I've set up a page on Facebook, you can find it here. I link to my new items and put up some pictures. All good stuff. I also have been experimenting with some online contests. Follow me on Facebook to find out more.

What I really want to write about today is Etsy's new Facebook feature in which when you heart an item a link pops up under the "heart this link" that says "facebook this item." Very, very cool.You have a chance at link an item for your friends to see, it could be a neat way of telling friends "hint hint I'd like this in large for my birthday" or it could just be a fantastic way of linking to an item so lots of people can see it.

I read on the forum (I know I know, I hate taht plce but can't resist  a link to it from twitter) that a lot of people were looking at this as spam for their facebook account. In a way I suppose if you abuse it, it is, BUT I look at it form a customer's perspective and not a seller's perspective, as in "How cool is it that I can link to all these awesome items?" Etsy should have rolled this out to  buyers and not so much sellers. It hink that etsy sellers are an easy sold to target. Let's face it the buyers spend less time on the site than we do, they might spend hours browsing the items but they aren't listing items and don't have the same involvement on a day to day basis that sellers do.

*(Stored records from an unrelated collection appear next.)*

(* For every integer $n \geq 1$, $$P_O(n) - P_E(n) = \sum_{i \geq 1} S(i)\, p(n-i).$$
   Context: $p(m)$ is the number of partitions of $m$, with $p(0)=1$ and $p(m)=0$ for $m<0$. $P_O(n)$ (resp. $P_E(n)$) denotes the number of partitions of $n$ whose smallest part is odd (resp. even). The rank of a partition is its largest part minus its number of parts. For $i \geq 1$, $S(i)$ is the number of partitions of $i$ into distinct parts with even rank minus the number of partitions of $i$ into distinct parts with odd rank. *)

theory Defs
  imports Main "HOL-Library.Multiset"
begin

definition partitions :: "nat \<Rightarrow> nat multiset set" where
  "partitions m = {M. (\<forall>x\<in>#M. 0 < x) \<and> sum_mset M = m}"

definition p :: "int \<Rightarrow> int" where
  "p m = (if m < 0 then 0 else int (card (partitions (nat m))))"

definition P_O :: "nat \<Rightarrow> nat" where
  "P_O n = card {M \<in> partitions n. M \<noteq> {#} \<and> odd (Min (set_mset M))}"

definition P_E :: "nat \<Rightarrow> nat" where
  "P_E n = card {M \<in> partitions n. M \<noteq> {#} \<and> even (Min (set_mset M))}"

definition distinct_partitions :: "nat \<Rightarrow> nat set set" where
  "distinct_partitions m = {A. finite A \<and> (\<forall>x\<in>A. 0 < x) \<and> \<Sum>A = m}"

definition rank_dp :: "nat set \<Rightarrow> int" where
  "rank_dp A = int (Max A) - int (card A)"

definition S :: "nat \<Rightarrow> int" where
  "S i = int (card {A \<in> distinct_partitions i. even (rank_dp A)})
       - int (card {A \<in> distinct_partitions i. odd (rank_dp A)})"

end

theory Submission
  imports Defs
begin

text \<open>
  Let p_ge(m, k) count the partitions of m into parts at least k. Sorting the partitions of n
  by their smallest part k gives P_O(n) - P_E(n) = sum over k of (-1)^(k+1) p_ge(n - k, k).
  Deciding whether the part k occurs gives p_ge(m, k) = p_ge(m, k + 1) + p_ge(m - k, k), and
  unfolding this recursion is inclusion-exclusion:
  p_ge(m, k) = sum over B \<subseteq> {1..k-1} of (-1)^|B| p(m - \<Sum>B).
  Now {k} \<union> B is a partition into distinct parts with largest part k and rank k - |B| - 1,
  so the terms (-1)^(k+1) (-1)^|B| p(n - k - \<Sum>B) are exactly the contributions of the
  distinct partitions to the sum of S(i) p(n - i).
\<close>

lemma sum_Pow_insert:
  assumes "finite A" "a \<notin> A"
  shows "(\<Sum>B\<in>Pow (insert a A). f B) = (\<Sum>B\<in>Pow A. f B) + (\<Sum>B\<in>Pow A. f (insert a B))"
proof -
  have "inj_on (insert a) (Pow A)"
    using assms(2) by (intro inj_onI) (metis PowD insert_ident subset_iff)
  then show ?thesis
    unfolding Pow_insert using assms
    by (subst sum.union_disjoint) (auto simp: sum.reindex)
qed

lemma sum_nonempty_subsets_by_Max:
  "(\<Sum>A\<in>Pow {1..n::nat} - {{}}. f A) = (\<Sum>k=1..n. \<Sum>B\<in>Pow {1..<k}. f (insert k B))"
proof (induction n)
  case (Suc n)
  have "{1..Suc n} = insert (Suc n) {1..n}" "{1..<Suc n} = {1..n}" by auto
  then have split: "Pow {1..Suc n} - {{}} = (Pow {1..n} - {{}}) \<union> insert (Suc n) ` Pow {1..<Suc n}"
    by (auto simp: Pow_insert)
  have "inj_on (insert (Suc n)) (Pow {1..<Suc n})"
    by (intro inj_onI) (metis PowD atLeastLessThan_iff insert_ident less_irrefl subsetD)
  then have "(\<Sum>A\<in>Pow {1..Suc n} - {{}}. f A)
      = (\<Sum>A\<in>Pow {1..n} - {{}}. f A) + (\<Sum>B\<in>Pow {1..<Suc n}. f (insert (Suc n) B))"
    unfolding split by (subst sum.union_disjoint) (auto simp: sum.reindex)
  then show ?case
    using Suc.IH by simp
qed simp

lemma card_filter_minus_card_filter_not:
  assumes "finite X"
  shows "int (card {x\<in>X. P x}) - int (card {x\<in>X. \<not> P x}) = (\<Sum>x\<in>X. if P x then 1 else -1)"
  using assms by (simp add: sum.If_cases Int_def)

lemma member_le_sum_mset:
  fixes M :: "'a::canonically_ordered_monoid_add multiset"
  shows "x \<in># M \<Longrightarrow> x \<le> sum_mset M"
  using sum_mset.remove[of x M] le_iff_add by metis

lemma size_le_sum_mset: "\<forall>x\<in>#M. 0 < (x::nat) \<Longrightarrow> size M \<le> sum_mset M"
  by (induction M) auto

lemma finite_partitions: "finite (partitions m)"
proof (rule finite_subset)
  show "partitions m \<subseteq> (\<Union>s\<le>m. multisets_of_size {1..m} s)"
  proof
    fix M assume "M \<in> partitions m"
    then have pos: "\<forall>x\<in>#M. 0 < x" and sum: "sum_mset M = m"
      by (auto simp: partitions_def)
    then have "set_mset M \<subseteq> {1..m}"
      using member_le_sum_mset[of _ M] by (auto simp: Suc_le_eq)
    moreover have "size M \<le> m"
      using size_le_sum_mset[OF pos] sum by simp
    ultimately show "M \<in> (\<Union>s\<le>m. multisets_of_size {1..m} s)"
      by (auto simp: multisets_of_size_def)
  qed
qed auto

definition partitions_ge :: "nat \<Rightarrow> nat \<Rightarrow> nat multiset set" where
  "partitions_ge m k = {M \<in> partitions m. \<forall>x\<in>#M. k \<le> x}"

definition p_ge :: "int \<Rightarrow> nat \<Rightarrow> int" where
  "p_ge m k = (if m < 0 then 0 else int (card (partitions_ge (nat m) k)))"

lemma finite_partitions_ge: "finite (partitions_ge m k)"
  unfolding partitions_ge_def using finite_partitions by simp

lemma p_ge_1: "p_ge m 1 = p m"
proof -
  have "partitions_ge m 1 = partitions m" for m
    by (auto simp: partitions_ge_def partitions_def Suc_le_eq)
  then show ?thesis
    by (simp add: p_ge_def p_def)
qed

lemma partitions_ge_with_part:
  assumes "0 < k" "k \<le> m"
  shows "{M \<in> partitions_ge m k. k \<in># M} = add_mset k ` partitions_ge (m - k) k"
proof (intro equalityI subsetI)
  fix M assume M: "M \<in> {M \<in> partitions_ge m k. k \<in># M}"
  then have "k \<in># M" by simp
  then have "M = add_mset k (M - {#k#})" and "sum_mset M = k + sum_mset (M - {#k#})"
    using sum_mset.remove by auto
  moreover have "M - {#k#} \<in> partitions_ge (m - k) k"
    using M calculation(2) by (auto simp: partitions_ge_def partitions_def dest: in_diffD)
  ultimately show "M \<in> add_mset k ` partitions_ge (m - k) k"
    by blast
qed (use assms in \<open>auto simp: partitions_ge_def partitions_def\<close>)

lemma card_partitions_ge_with_part:
  assumes "0 < k"
  shows "int (card {M \<in> partitions_ge m k. k \<in># M}) = p_ge (int m - int k) k"
proof (cases "k \<le> m")
  case True
  then show ?thesis
    using partitions_ge_with_part[OF assms True]
    by (simp add: p_ge_def card_image inj_on_def nat_diff_distrib)
next
  case False
  then have "{M \<in> partitions_ge m k. k \<in># M} = {}"
    using member_le_sum_mset[of k] by (fastforce simp: partitions_ge_def partitions_def)
  then show ?thesis
    using False by (simp only: p_ge_def card.empty) simp
qed

lemma p_ge_rec:
  assumes "0 < k"
  shows "p_ge m k = p_ge m (Suc k) + p_ge (m - int k) k"
proof (cases "m < 0")
  case False
  have "partitions_ge (nat m) k
      = partitions_ge (nat m) (Suc k) \<union> {M \<in> partitions_ge (nat m) k. k \<in># M}"
    by (auto simp: partitions_ge_def Suc_le_eq order_le_less)
  moreover have "partitions_ge (nat m) (Suc k) \<inter> {M \<in> partitions_ge (nat m) k. k \<in># M} = {}"
    by (auto simp: partitions_ge_def)
  ultimately have "card (partitions_ge (nat m) k)
      = card (partitions_ge (nat m) (Suc k)) + card {M \<in> partitions_ge (nat m) k. k \<in># M}"
    by (metis (no_types, lifting) card_Un_disjoint finite_partitions_ge finite_Un)
  with False show ?thesis
    using card_partitions_ge_with_part[OF assms, of "nat m"] by (simp add: p_ge_def)
qed (simp add: p_ge_def)

lemma p_ge_inclusion_exclusion:
  assumes "0 < k"
  shows "p_ge m k = (\<Sum>B\<in>Pow {1..<k}. (-1) ^ card B * p (m - int (\<Sum>B)))"
  using assms
proof (induction k arbitrary: m rule: nat_induct_non_zero)
  case 1
  then show ?case using p_ge_1 by simp
next
  case (Suc k)
  have "{1..<Suc k} = insert k {1..<k}" using Suc.hyps by auto
  moreover have "(-1) ^ card (insert k B) * p (m - int (\<Sum>(insert k B)))
      = - ((-1) ^ card B * p (m - int k - int (\<Sum>B)))" if "B \<in> Pow {1..<k}" for B
  proof -
    have "finite B" "k \<notin> B" using that finite_subset[of B "{1..<k}"] by auto
    then show ?thesis by (simp add: algebra_simps)
  qed
  ultimately show ?case
    using Suc.IH[of m] Suc.IH[of "m - int k"] p_ge_rec[OF Suc.hyps, of m]
    by (simp add: sum_Pow_insert sum_negf)
qed

lemma partitions_Min_eq:
  assumes "0 < n"
  shows "{M \<in> partitions n. Min (set_mset M) = k} = {M \<in> partitions_ge n k. k \<in># M}"
proof -
  have "M \<noteq> {#}" if "M \<in> partitions n" for M
    using that assms by (auto simp: partitions_def)
  then show ?thesis
    by (auto simp: partitions_ge_def Min_eq_iff)
qed

lemma P_O_minus_P_E:
  assumes "0 < n"
  shows "int (P_O n) - int (P_E n) = (\<Sum>k=1..n. (-1) ^ (k + 1) * p_ge (int n - int k) k)"
proof -
  let ?min = "\<lambda>M. Min (set_mset M)"
  have nonempty: "M \<noteq> {#}" if "M \<in> partitions n" for M
    using that assms by (auto simp: partitions_def)
  have min_range: "?min ` partitions n \<subseteq> {1..n}"
  proof
    fix k assume "k \<in> ?min ` partitions n"
    then obtain M where M: "M \<in> partitions n" "k = ?min M" by blast
    then have "k \<in># M" using nonempty[OF M(1)] by simp
    then show "k \<in> {1..n}"
      using M member_le_sum_mset[of k M] by (auto simp: partitions_def Suc_le_eq)
  qed
  have "P_O n = card {M \<in> partitions n. odd (?min M)}"
    and "P_E n = card {M \<in> partitions n. \<not> odd (?min M)}"
    unfolding P_O_def P_E_def using nonempty by metis+
  then have "int (P_O n) - int (P_E n) = (\<Sum>M\<in>partitions n. if odd (?min M) then 1 else -1)"
    using card_filter_minus_card_filter_not[OF finite_partitions, of n "\<lambda>M. odd (?min M)"]
    by simp
  also have "\<dots> = (\<Sum>k=1..n. \<Sum>M\<in>{M \<in> partitions n. ?min M = k}. if odd (?min M) then 1 else -1)"
    by (rule sum.group[symmetric, OF finite_partitions finite_atLeastAtMost min_range])
  also have "\<dots> = (\<Sum>k=1..n. (-1) ^ (k + 1) * int (card {M \<in> partitions n. ?min M = k}))"
    by (intro sum.cong) auto
  also have "\<dots> = (\<Sum>k=1..n. (-1) ^ (k + 1) * p_ge (int n - int k) k)"
    using card_partitions_ge_with_part by (simp add: partitions_Min_eq[OF assms])
  finally show ?thesis .
qed

definition rank_sign :: "nat set \<Rightarrow> int" where
  "rank_sign A = (if even (rank_dp A) then 1 else -1)"

lemma rank_sign_insert_Max:
  assumes "B \<subseteq> {1..<k}"
  shows "rank_sign (insert k B) = (-1) ^ (k + 1) * (-1) ^ card B"
proof -
  have "finite B" "k \<notin> B"
    using assms finite_subset by auto
  moreover have "Max (insert k B) = k"
    using assms calculation by (auto intro!: Max_eqI)
  ultimately have "rank_dp (insert k B) = int (k + card B + 1) - 2 * int (card B + 1)"
    by (simp add: rank_dp_def)
  then have "even (rank_dp (insert k B)) \<longleftrightarrow> even (k + card B + 1)"
    by simp
  then show ?thesis
    by (simp add: rank_sign_def power_add[symmetric] neg_one_even_power neg_one_odd_power)
qed

lemma distinct_partitions_subset_Pow: "distinct_partitions i \<subseteq> Pow {1..i}"
  using member_le_sum[of _ _ id] by (fastforce simp: distinct_partitions_def Suc_le_eq)

lemma finite_distinct_partitions: "finite (distinct_partitions i)"
  using distinct_partitions_subset_Pow finite_subset by blast

lemma S_eq_sum_rank_sign: "S i = (\<Sum>A\<in>distinct_partitions i. rank_sign A)"
  using card_filter_minus_card_filter_not[OF finite_distinct_partitions, of i "\<lambda>A. even (rank_dp A)"]
  by (simp add: S_def rank_sign_def)

lemma sum_S_times_p:
  "(\<Sum>i=1..n. S i * p (int n - int i)) = (\<Sum>A\<in>Pow {1..n} - {{}}. rank_sign A * p (int n - int (\<Sum>A)))"
proof -
  let ?f = "\<lambda>A. rank_sign A * p (int n - int (\<Sum>A))"
  have "(\<Sum>i=1..n. S i * p (int n - int i)) = (\<Sum>i=1..n. \<Sum>A\<in>distinct_partitions i. ?f A)"
    unfolding S_eq_sum_rank_sign sum_distrib_right
    by (intro sum.cong refl) (simp add: distinct_partitions_def)
  also have "\<dots> = (\<Sum>A\<in>(\<Union>i\<in>{1..n}. distinct_partitions i). ?f A)"
  proof (rule sum.UNION_disjoint[symmetric])
    show "\<forall>i\<in>{1..n}. \<forall>j\<in>{1..n}. i \<noteq> j \<longrightarrow> distinct_partitions i \<inter> distinct_partitions j = {}"
      unfolding distinct_partitions_def by blast
  qed (simp_all add: finite_distinct_partitions)
  also have "\<dots> = (\<Sum>A\<in>Pow {1..n} - {{}}. ?f A)"
  proof (rule sum.mono_neutral_left)
    show "(\<Union>i\<in>{1..n}. distinct_partitions i) \<subseteq> Pow {1..n} - {{}}"
    proof
      fix A assume "A \<in> (\<Union>i\<in>{1..n}. distinct_partitions i)"
      then obtain i where i: "i \<in> {1..n}" "A \<in> distinct_partitions i" by blast
      have "\<Sum>A = i"
        using i(2) by (simp add: distinct_partitions_def)
      then have "A \<subseteq> {1..i}" "A \<noteq> {}"
        using distinct_partitions_subset_Pow[of i] i by auto
      with i show "A \<in> Pow {1..n} - {{}}" by auto
    qed
    show "\<forall>A\<in>Pow {1..n} - {{}} - (\<Union>i\<in>{1..n}. distinct_partitions i). ?f A = 0"
    proof
      fix A assume A: "A \<in> Pow {1..n} - {{}} - (\<Union>i\<in>{1..n}. distinct_partitions i)"
      then have "finite A" "A \<noteq> {}" "\<forall>x\<in>A. 0 < x"
        using finite_subset[of A "{1..n}"] by auto
      then have "0 < \<Sum>A" "A \<in> distinct_partitions (\<Sum>A)"
        by (simp_all add: sum_pos distinct_partitions_def)
      with A have "\<Sum>A \<notin> {1..n}" by (metis DiffD2 UN_I)
      \<comment> \<open>so \<open>\<Sum>A > n\<close>, and \<open>p\<close> vanishes at negative arguments\<close>
      then show "?f A = 0" using \<open>0 < \<Sum>A\<close> by (simp add: p_def del: of_nat_sum)
    qed
  qed simp
  finally show ?thesis .
qed

lemma signed_p_ge_eq_sum_rank_sign:
  assumes "0 < k"
  shows "(-1) ^ (k + 1) * p_ge (m - int k) k
    = (\<Sum>B\<in>Pow {1..<k}. rank_sign (insert k B) * p (m - int (\<Sum>(insert k B))))"
  unfolding p_ge_inclusion_exclusion[OF assms] sum_distrib_left
proof (intro sum.cong refl)
  fix B assume "B \<in> Pow {1..<k}"
  moreover from this have "finite B" "k \<notin> B"
    using finite_subset by auto
  ultimately show "(-1) ^ (k + 1) * ((-1) ^ card B * p (m - int k - int (\<Sum>B)))
      = rank_sign (insert k B) * p (m - int (\<Sum>(insert k B)))"
    by (simp add: rank_sign_insert_Max algebra_simps)
qed

theorem theorem4:
  fixes n :: nat
  assumes "n \<ge> 1"
  shows "int (P_O n) - int (P_E n) = (\<Sum>i = 1..n. S i * p (int n - int i))"
proof -
  have "int (P_O n) - int (P_E n) = (\<Sum>k=1..n. (-1) ^ (k + 1) * p_ge (int n - int k) k)"
    using P_O_minus_P_E assms by simp
  also have "\<dots> = (\<Sum>k=1..n. \<Sum>B\<in>Pow {1..<k}.
      rank_sign (insert k B) * p (int n - int (\<Sum>(insert k B))))"
    by (intro sum.cong refl signed_p_ge_eq_sum_rank_sign) simp
  also have "\<dots> = (\<Sum>A\<in>Pow {1..n} - {{}}. rank_sign A * p (int n - int (\<Sum>A)))"
    by (rule sum_nonempty_subsets_by_Max[symmetric])
  also have "\<dots> = (\<Sum>i = 1..n. S i * p (int n - int i))"
    by (rule sum_S_times_p[symmetric])
  finally show ?thesis .
qed

end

What I'm saying is this: wicked cool feature but not so much for sellers, email that stuff out to the buyers etsy and yo've got something cool on your hands. It would b nice if you set it up so we could send a link to Twitter in the same breath. I tweet way more than I facebook.*

SO if you are a buyer on etsy or even a seller, go on there and heart a few items today and put them up on your facebook for the world to see. Sellers get your friends to SIGN UP for etsy today and start linking to items!

*artfire has a tweet this item link on the left side of each items page, pops up with a micro url and some text already in it, I'd love it if they did a facebook link too. It's super easy to use.

What about my needs? Who’s going to meet them best Etsy or Artfire?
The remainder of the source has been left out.